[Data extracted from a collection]
(* Let $X$ be a proper geodesic $\mathrm{CAT}(-1)$ metric space and $\epsilon>0$, and let $$c_0(\epsilon)=2\log\left(\frac{2(1+e^{\epsilon/2})\sinh\epsilon}{\epsilon}\right).$$ For all points $a,b,a',b'\in X$ such that $d(a,a')\le\epsilon$, $d(b,b')\le\epsilon$ and $d(a,b)\ge c_0(\epsilon)$, if $m$ is the midpoint of the geodesic segment $[a,b]$, then $d(m,[a',b'])\le\epsilon/2$. *)

theory Defs
  imports "HOL-Analysis.Analysis"
begin

text \<open>A metric space is modelled as a subset X of a metric_space type with the induced metric.\<close>

definition proper_space :: "'a::metric_space set \<Rightarrow> bool" where
  "proper_space X \<longleftrightarrow> (\<forall>x\<in>X. \<forall>r. compact (cball x r \<inter> X))"

definition geodesic_segment_between :: "'a::metric_space set \<Rightarrow> 'a set \<Rightarrow> 'a \<Rightarrow> 'a \<Rightarrow> bool" where
  "geodesic_segment_between X S a b \<longleftrightarrow>
     (\<exists>\<gamma>::real \<Rightarrow> 'a. \<gamma> ` {0..dist a b} = S \<and> S \<subseteq> X \<and> \<gamma> 0 = a \<and> \<gamma> (dist a b) = b \<and>
        (\<forall>s\<in>{0..dist a b}. \<forall>t\<in>{0..dist a b}. dist (\<gamma> s) (\<gamma> t) = \<bar>s - t\<bar>))"

definition geodesic_space :: "'a::metric_space set \<Rightarrow> bool" where
  "geodesic_space X \<longleftrightarrow> (\<forall>a\<in>X. \<forall>b\<in>X. \<exists>S. geodesic_segment_between X S a b)"

text \<open>The real hyperbolic plane (curvature -1), upper half-plane model.\<close>
definition hyp_plane :: "complex set" where
  "hyp_plane = {z. Im z > 0}"

definition hdist :: "complex \<Rightarrow> complex \<Rightarrow> real" where
  "hdist z w = arcosh (1 + (cmod (z - w))\<^sup>2 / (2 * Im z * Im w))"

text \<open>Given a geodesic triangle with vertices x y z and sides Sxy Syz Sxz, and a
  comparison triangle x' y' z' in the hyperbolic plane, p' is a comparison point for p
  if p lies on a side and p' lies on the corresponding side of the comparison triangle
  at the same distances from its endpoints (in the uniquely geodesic hyperbolic plane
  this determines the point on the comparison side).\<close>
definition comparison_point ::
  "'a::metric_space \<Rightarrow> 'a \<Rightarrow> 'a \<Rightarrow> 'a set \<Rightarrow> 'a set \<Rightarrow> 'a set \<Rightarrow>
   complex \<Rightarrow> complex \<Rightarrow> complex \<Rightarrow> 'a \<Rightarrow> complex \<Rightarrow> bool" where
  "comparison_point x y z Sxy Syz Sxz x' y' z' p p' \<longleftrightarrow> p' \<in> hyp_plane \<and>
     ((p \<in> Sxy \<and> hdist x' p' = dist x p \<and> hdist p' y' = dist p y) \<or>
      (p \<in> Syz \<and> hdist y' p' = dist y p \<and> hdist p' z' = dist p z) \<or>
      (p \<in> Sxz \<and> hdist x' p' = dist x p \<and> hdist p' z' = dist p z))"

definition CAT_minus1 :: "'a::metric_space set \<Rightarrow> bool" where
  "CAT_minus1 X \<longleftrightarrow>
    (\<forall>x\<in>X. \<forall>y\<in>X. \<forall>z\<in>X. \<forall>Sxy Syz Sxz.
      geodesic_segment_between X Sxy x y \<and> geodesic_segment_between X Syz y z \<and>
      geodesic_segment_between X Sxz x z \<longrightarrow>
      (\<forall>x' y' z'. x' \<in> hyp_plane \<and> y' \<in> hyp_plane \<and> z' \<in> hyp_plane \<and>
         hdist x' y' = dist x y \<and> hdist y' z' = dist y z \<and> hdist x' z' = dist x z \<longrightarrow>
         (\<forall>p q p' q'. comparison_point x y z Sxy Syz Sxz x' y' z' p p' \<and>
                      comparison_point x y z Sxy Syz Sxz x' y' z' q q' \<longrightarrow>
                      dist p q \<le> hdist p' q')))"

definition c0 :: "real \<Rightarrow> real" where
  "c0 \<epsilon> = 2 * ln (2 * (1 + exp (\<epsilon> / 2)) * sinh \<epsilon> / \<epsilon>)"

end

theory Submission
  imports Defs
begin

▸ WHAT YOU HAVE TO DO
From the entries, copy out each line containing the word "gamma".

▸ RESULT OF THE EXERCISE
     (\<exists>\<gamma>::real \<Rightarrow> 'a. \<gamma> ` {0..dist a b} = S \<and> S \<subseteq> X \<and> \<gamma> 0 = a \<and> \<gamma> (dist a b) = b \<and>
        (\<forall>s\<in>{0..dist a b}. \<forall>t\<in>{0..dist a b}. dist (\<gamma> s) (\<gamma> t) = \<bar>s - t\<bar>))"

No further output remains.